Andover and Erith are Ocado Smart Platform (OSP) facilities, which are defined by the company as modular, scalable software and hardware platforms that power all aspects of a grocery e-commerce business.
According to Clarke, the scalability and modularity of OSPs are providing a ‘game changing capability’ and the strategy is showing clear signs of working.
In November 2017, Ocado and French multinational retailer Groupe Casino signed an agreement to develop the OSP in France. This was followed by a deal signed in January 2018 with Canada’s Sobeys, and its most recent activity has seen ICA Group’s online grocery business in Sweden sign up for OSP.
“We are increasingly becoming a multi-site international organisation in terms of not just where we may deploy the technology, but also where we’re building it,” said Clarke. “It’s the same direction of travel we’ve been on pretty much from day one, which is how to use technology and automation to enable you to do online grocery scaleably and profitably, which quite frankly most people struggle at.”
Ocado’s first CFC was built in Hatfield and started operations in 2001, followed by Dordon, Warwickshire, in 2013 and both have played a pivotal role in an evolutionary process that shows no signs of slowing down.
The company is involved in an ongoing project to introduce robots to picking stations that are normally manned by human employees and to this end a cobot is proving its worth in Andover by using its end effector to manipulate items packaged with flat surfaces.
Whilst this might work for a box of tea bags, it won’t necessarily work for a bag of oranges, and work in ongoing as part of a Horizon 2020 project to develop an end effector that can handle these complex items.
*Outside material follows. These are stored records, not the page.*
lemma convex_comb_eq_bound:
  fixes t A B \<beta> :: real
  assumes "0 < t" "t < 1" "A \<le> \<beta>" "B \<le> \<beta>" "(1 - t) * A + t * B = \<beta>"
  shows "A = \<beta> \<and> B = \<beta>"
proof -
  have "(1 - t) * (\<beta> - A) + t * (\<beta> - B) = 0" using assms(5) by (simp add: algebra_simps)
  moreover have "(1 - t) * (\<beta> - A) \<ge> 0" "t * (\<beta> - B) \<ge> 0" using assms by auto
  ultimately have "(1 - t) * (\<beta> - A) = 0" "t * (\<beta> - B) = 0" by linarith+
  then show ?thesis using assms by auto
qed

lemma convex_comb_le:
  fixes t A B \<beta> :: real
  assumes "0 \<le> t" "t \<le> 1" "A \<le> \<beta>" "B \<le> \<beta>"
  shows "(1 - t) * A + t * B \<le> \<beta>"
proof -
  have "(1 - t) * A \<le> (1 - t) * \<beta>" "t * B \<le> t * \<beta>" using assms by (auto intro: mult_left_mono)
  then show ?thesis by (simp add: algebra_simps)
qed

lemma convex_comb_less_left:
  fixes t A B \<beta> :: real
  assumes "0 \<le> t" "t < 1" "A < \<beta>" "B \<le> \<beta>"
  shows "(1 - t) * A + t * B < \<beta>"
proof -
  have "(1 - t) * A < (1 - t) * \<beta>" "t * B \<le> t * \<beta>" using assms by (auto intro: mult_left_mono)
  then show ?thesis by (simp add: algebra_simps)
qed

lemma convex_comb_less_right:
  fixes t A B \<beta> :: real
  assumes "0 < t" "t \<le> 1" "A \<le> \<beta>" "B < \<beta>"
  shows "(1 - t) * A + t * B < \<beta>"
proof -
  have "(1 - t) * A \<le> (1 - t) * \<beta>" "t * B < t * \<beta>" using assms by (auto intro: mult_left_mono)
  then show ?thesis by (simp add: algebra_simps)
qed

section \<open>Linear independence\<close>

definition skip :: "nat \<Rightarrow> nat \<Rightarrow> nat" where "skip p i = (if i < p then i else Suc i)"

definition unskip :: "nat \<Rightarrow> nat \<Rightarrow> nat" where "unskip p i = (if i < p then i else i - 1)"

lemma skip_ne: "skip p i \<noteq> p" by (simp add: skip_def)

lemma unskip_skip[simp]: "unskip p (skip p i) = i" by (simp add: skip_def unskip_def)

lemma skip_less: "i < r - 1 \<Longrightarrow> p < r \<Longrightarrow> skip p i < r" by (auto simp: skip_def)

lemma sum_skip:
  assumes "p < (r::nat)"
  shows "(\<Sum>k<r. f k) = f p + (\<Sum>i<r-1. f (skip p i))"
proof -
  have "(\<Sum>k<r. f k) = f p + (\<Sum>k\<in>{..<r}-{p}. f k)"
    using assms by (simp add: sum.remove)
  also have "(\<Sum>k\<in>{..<r}-{p}. f k) = (\<Sum>i<r-1. f (skip p i))"
    by (rule sum.reindex_bij_witness[where i="skip p" and j="unskip p"])
       (use assms in \<open>auto simp: skip_def unskip_def split: if_splits\<close>)
  finally show ?thesis .
qed

lemma lin_indep_n_scale:
  assumes "lin_indep_n v r" and "e \<noteq> 0"
  shows "lin_indep_n (\<lambda>m j. e * v m j) r"
  unfolding lin_indep_n_def
proof (intro allI impI)
  fix c i assume "\<forall>j. (\<Sum>m<r. c m * (e * v m j)) = 0" and i: "i < r"
  then have "\<forall>j. (\<Sum>m<r. (c m * e) * v m j) = 0" by (simp add: mult.assoc)
  then have "c i * e = 0"
    using assms(1)[unfolded lin_indep_n_def, rule_format, of "\<lambda>m. c m * e"] i by simp
  then show "c i = 0" using assms(2) by simp
qed
lemma frechet_dist_less_if_seminorms_less:
  assumes "\<And>n. n < N \<Longrightarrow> p n (x - y) < e" "e < r" "inverse (real N + 1) < r"
  shows "frechet_dist p x y < r"
proof -
  have "frechet_dist p x y \<le> max e (inverse (real N + 1))"
  proof (rule frechet_dist_le)
    fix n
    show "min (inverse (real n + 1)) (p n (x - y)) \<le> max e (inverse (real N + 1))"
    proof (cases "n < N")
      case True
      then show ?thesis using assms(1)[of n] by linarith
    next
      case False
      then have "inverse (real n + 1) \<le> inverse (real N + 1)"
        by (simp add: le_imp_inverse_le)
      then show ?thesis by linarith
    qed
  qed
  then show ?thesis
    using assms by linarith
qed

lemma Metric_space_frechet_dist:
  assumes "\<And>n. seminorm (p n)" and "\<And>x. x \<noteq> 0 \<Longrightarrow> \<exists>n. p n x \<noteq> 0"
  shows "Metric_space UNIV (frechet_dist p)"
proof
  fix x y z :: 'a
  have nonneg: "0 \<le> p n v" for n v
    using seminorm_nonneg[OF assms(1)] .
  show "0 \<le> frechet_dist p x y"
    using frechet_dist_ge[of 0 p x y] nonneg[of 0 "x - y"] by simp
  show "frechet_dist p x y = frechet_dist p y x"
    unfolding frechet_dist_def using seminorm_diff_commute[OF assms(1)] by metis
  show "frechet_dist p x y = 0 \<longleftrightarrow> x = y"
  proof
    assume "frechet_dist p x y = 0"
    then have "p n (x - y) = 0" for n
      using frechet_dist_ge[of n p x y] nonneg[of n "x - y"] by (simp add: min_le_iff_disj)
    then show "x = y"
      using assms(2)[of "x - y"] by auto
  next
    assume "x = y"
    then have "frechet_dist p x y \<le> 0"
      by (intro frechet_dist_le) (simp add: seminorm_zero[OF assms(1)])
    then show "frechet_dist p x y = 0"
      using \<open>0 \<le> frechet_dist p x y\<close> by linarith
  qed
  show "frechet_dist p x z \<le> frechet_dist p x y + frechet_dist p y z"
  proof (rule frechet_dist_le)
    fix n
    have "p n (x - z) \<le> p n (x - y) + p n (y - z)"
      using seminorm_triangle[OF assms(1), of n "x - y" "y - z"] by simp
    moreover have "min i c \<le> min i a + min i b" if "c \<le> a + b" "0 \<le> a" "0 \<le> b" "0 < i"
      for a b c i :: real
      using that by (simp add: min_def)
    ultimately have "min (inverse (real n + 1)) (p n (x - z)) \<le>
        min (inverse (real n + 1)) (p n (x - y)) + min (inverse (real n + 1)) (p n (y - z))"
      using nonneg[of n "x - y"] nonneg[of n "y - z"] by simp
    then show "min (inverse (real n + 1)) (p n (x - z)) \<le> frechet_dist p x y + frechet_dist p y z"
      using frechet_dist_ge[of n p x y] frechet_dist_ge[of n p y z] by linarith
  qed
qed

lemma eventually_frechet_dist_less:
  assumes "\<And>n e. e > 0 \<Longrightarrow> \<exists>N. \<forall>i\<ge>N. p n (\<sigma> i - l) < e" and "\<epsilon> > 0"
  shows "eventually (\<lambda>i. frechet_dist p (\<sigma> i) l < \<epsilon>) sequentially"
proof -
  obtain K where K: "inverse (real (Suc K)) < \<epsilon>"
    using reals_Archimedean[OF assms(2)] by blast
  have "\<forall>n\<in>{..<K}. eventually (\<lambda>i. p n (\<sigma> i - l) < \<epsilon>/2) sequentially"
    using assms(1)[of "\<epsilon>/2"] assms(2) by (simp add: eventually_sequentially)
  then have "eventually (\<lambda>i. \<forall>n\<in>{..<K}. p n (\<sigma> i - l) < \<epsilon>/2) sequentially"
    by (rule eventually_ball_finite[rotated]) simp
  then show ?thesis
  proof eventually_elim
    case (elim i)
    show ?case
      by (rule frechet_dist_less_if_seminorms_less[of K p _ _ "\<epsilon>/2"])
        (use elim K assms(2) in \<open>auto simp: add.commute\<close>)
  qed
qed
As part of the same programme, the company is involved in the development of a humanoid robot that will use artificial intelligence, machine learning and advanced vision systems to understand and support human workers.
Clarke doesn’t foresee drones becoming part of Ocado’s delivery solutions but predicts that artificial intelligence (AI) will enable companies to do ‘all the really exciting stuff with other disruptive technologies like the Cloud and Big Data, robotics and IoT.’
“In due course AI will get knocked off its perch by quantum computing, which will be another extraordinary game changer,” he said. “It will impact us in a positive way. It’s one that we’re not just keeping an eye on, we’re actively getting our toes in the water and talking with companies that are building those technologies…we definitely see ourselves as an early adopter of that technology, along with a number of different kinds of quantum technologies. Quantum computing is just one a set of different technologies that are going to be very interesting.”
Clarke added that investing in technology is vital for businesses such as grocery with a 30 per cent gross margin.
“For a £2.00 item you’ve got 60p to pay for picking, packing and delivery and the only way you’re going to do that and have a profit is to use a lot of technology and automation, and that’s what we’ve done from day one.”
Ocado has been profitable at an order level for many years, said Clarke, and the company has regularly used profits from a very successful retail business and reinvested them in building the company’s technology. By doing so, it has put itself in a unique position. Clark explained that there are many ways of doing other types of retail, but grocery is the most challenging due to different form factors, four temperature regimes, items that can’t be stacked on top of one another, and the short shelf life of certain products.
“If you can do online grocery you can do general merchandise and we can do that now, but the reverse definitely does not follow,” he said. “In true Ocado fashion we’ve taken the most difficult one first and worked out how to do that scaleably and profitably.”